• **Task brief**
Set down a word-for-word copy of the data below, limited to the lines from the first through the line with "R I \<longleftrightarrow>".

Collected data entries:
--------------------------------
definition jacobson_radical :: "('a, 'b) ring_scheme \<Rightarrow> 'a set" where
  "jacobson_radical R = \<Inter> {M. maximalideal M R}"

definition amalgamation ::
  "('a, 'c) ring_scheme \<Rightarrow> ('b, 'd) ring_scheme \<Rightarrow> ('a \<Rightarrow> 'b) \<Rightarrow> 'b set \<Rightarrow> ('a \<times> 'b) ring" where
  "amalgamation A B f J = (RDirProd A B)
     \<lparr> carrier := {(a, f a \<oplus>\<^bsub>B\<^esub> j) | a j. a \<in> carrier A \<and> j \<in> J} \<rparr>"

definition torsion_via :: "('a, 'c) ring_scheme \<Rightarrow> ('b, 'd) ring_scheme \<Rightarrow> ('a \<Rightarrow> 'b) \<Rightarrow> 'b set \<Rightarrow> bool" where
  "torsion_via A B f J \<longleftrightarrow>
     (\<forall>x \<in> J. \<exists>s. non_zerodivisor A s \<and> f s \<otimes>\<^bsub>B\<^esub> x = \<zero>\<^bsub>B\<^esub>)"

text \<open>Invertible ideal, via the standard description without fractions:
  I J = dR for some ideal J and some non-zerodivisor d (then d^{-1} J is the inverse
  of I inside the total quotient ring).\<close>
definition invertible_ideal :: "('a, 'b) ring_scheme \<Rightarrow> 'a set \<Rightarrow> bool" where
  "invertible_ideal R I \<longleftrightarrow>
     (\<exists>J d. ideal J R \<and> non_zerodivisor R d \<and> I \<cdot>\<^bsub>R\<^esub> J = PIdl\<^bsub>R\<^esub> d)"

definition pruefer_ring :: "('a, 'b) ring_scheme \<Rightarrow> bool" where
  "pruefer_ring R \<longleftrightarrow> cring R \<and>
     (\<forall>I. ideal I R \<and> (\<exists>S. finite S \<and> S \<subseteq> carrier R \<and> I = Idl\<^bsub>R\<^esub> S)
          \<and> (\<exists>d \<in> I. non_zerodivisor R d) \<longrightarrow> invertible_ideal R I)"

end

theory Submission
  imports Defs "HOL-Algebra.Subrings" "HOL-Algebra.Ring_Divisibility"
begin

text \<open>Let \<open>(a, f a + j)\<close> with \<open>j \<in> J\<close> be an element of the amalgamation. If \<open>a\<close> is a unit
  of \<open>A\<close>, then \<open>f a + j = f a (1 + f(a\<inverse>) j)\<close> is a unit of \<open>B\<close>, since \<open>J\<close> lies in the
  Jacobson radical; the pair of inverses lies in the amalgamation again. Otherwise \<open>a y = 0\<close>
  for some \<open>y \<noteq> 0\<close>, and a nonzero annihilator is built from \<open>y\<close>: if \<open>j = f c\<close>, one of
  \<open>(y, f y)\<close> and \<open>(c y, 0)\<close> works according as \<open>c y = 0\<close> or not; if a non-zerodivisor
  \<open>s\<close> kills \<open>j\<close>, then \<open>(y s, f (y s))\<close> works. Finally, in a total ring of fractions every
  non-zerodivisor is a unit, so every regular ideal is the unit ideal.\<close>

lemma RDirProd_simps [simp]:
  "(a, b) \<otimes>\<^bsub>RDirProd A B\<^esub> (c, d) = (a \<otimes>\<^bsub>A\<^esub> c, b \<otimes>\<^bsub>B\<^esub> d)"
  "(a, b) \<oplus>\<^bsub>RDirProd A B\<^esub> (c, d) = (a \<oplus>\<^bsub>A\<^esub> c, b \<oplus>\<^bsub>B\<^esub> d)"
  "\<zero>\<^bsub>RDirProd A B\<^esub> = (\<zero>\<^bsub>A\<^esub>, \<zero>\<^bsub>B\<^esub>)"
  "\<one>\<^bsub>RDirProd A B\<^esub> = (\<one>\<^bsub>A\<^esub>, \<one>\<^bsub>B\<^esub>)"
  by (simp_all add: RDirProd_def DirProd_def monoid.defs)

lemma RDirProd_minus:
  assumes "ring A" "ring B" "a \<in> carrier A" "b \<in> carrier B"
  shows "\<ominus>\<^bsub>RDirProd A B\<^esub> (a, b) = (\<ominus>\<^bsub>A\<^esub> a, \<ominus>\<^bsub>B\<^esub> b)"
proof -
  interpret P: ring "RDirProd A B" using RDirProd_ring assms by blast
  interpret A: ring A by fact
  interpret B: ring B by fact
  show ?thesis
    by (rule P.minus_equality) (simp_all add: RDirProd_carrier assms A.l_neg B.l_neg)
qed

lemma amalgamation_simps [simp]:
  "monoid.mult (amalgamation A B f J) = monoid.mult (RDirProd A B)"
  "add (amalgamation A B f J) = add (RDirProd A B)"
  "zero (amalgamation A B f J) = zero (RDirProd A B)"
  "one (amalgamation A B f J) = one (RDirProd A B)"
  by (simp_all add: amalgamation_def)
--------------------------------
• **Written response**
definition jacobson_radical :: "('a, 'b) ring_scheme \<Rightarrow> 'a set" where
  "jacobson_radical R = \<Inter> {M. maximalideal M R}"

definition amalgamation ::
  "('a, 'c) ring_scheme \<Rightarrow> ('b, 'd) ring_scheme \<Rightarrow> ('a \<Rightarrow> 'b) \<Rightarrow> 'b set \<Rightarrow> ('a \<times> 'b) ring" where
  "amalgamation A B f J = (RDirProd A B)
     \<lparr> carrier := {(a, f a \<oplus>\<^bsub>B\<^esub> j) | a j. a \<in> carrier A \<and> j \<in> J} \<rparr>"

definition torsion_via :: "('a, 'c) ring_scheme \<Rightarrow> ('b, 'd) ring_scheme \<Rightarrow> ('a \<Rightarrow> 'b) \<Rightarrow> 'b set \<Rightarrow> bool" where
  "torsion_via A B f J \<longleftrightarrow>
     (\<forall>x \<in> J. \<exists>s. non_zerodivisor A s \<and> f s \<otimes>\<^bsub>B\<^esub> x = \<zero>\<^bsub>B\<^esub>)"

text \<open>Invertible ideal, via the standard description without fractions:
  I J = dR for some ideal J and some non-zerodivisor d (then d^{-1} J is the inverse
  of I inside the total quotient ring).\<close>
definition invertible_ideal :: "('a, 'b) ring_scheme \<Rightarrow> 'a set \<Rightarrow> bool" where
  "invertible_ideal R I \<longleftrightarrow>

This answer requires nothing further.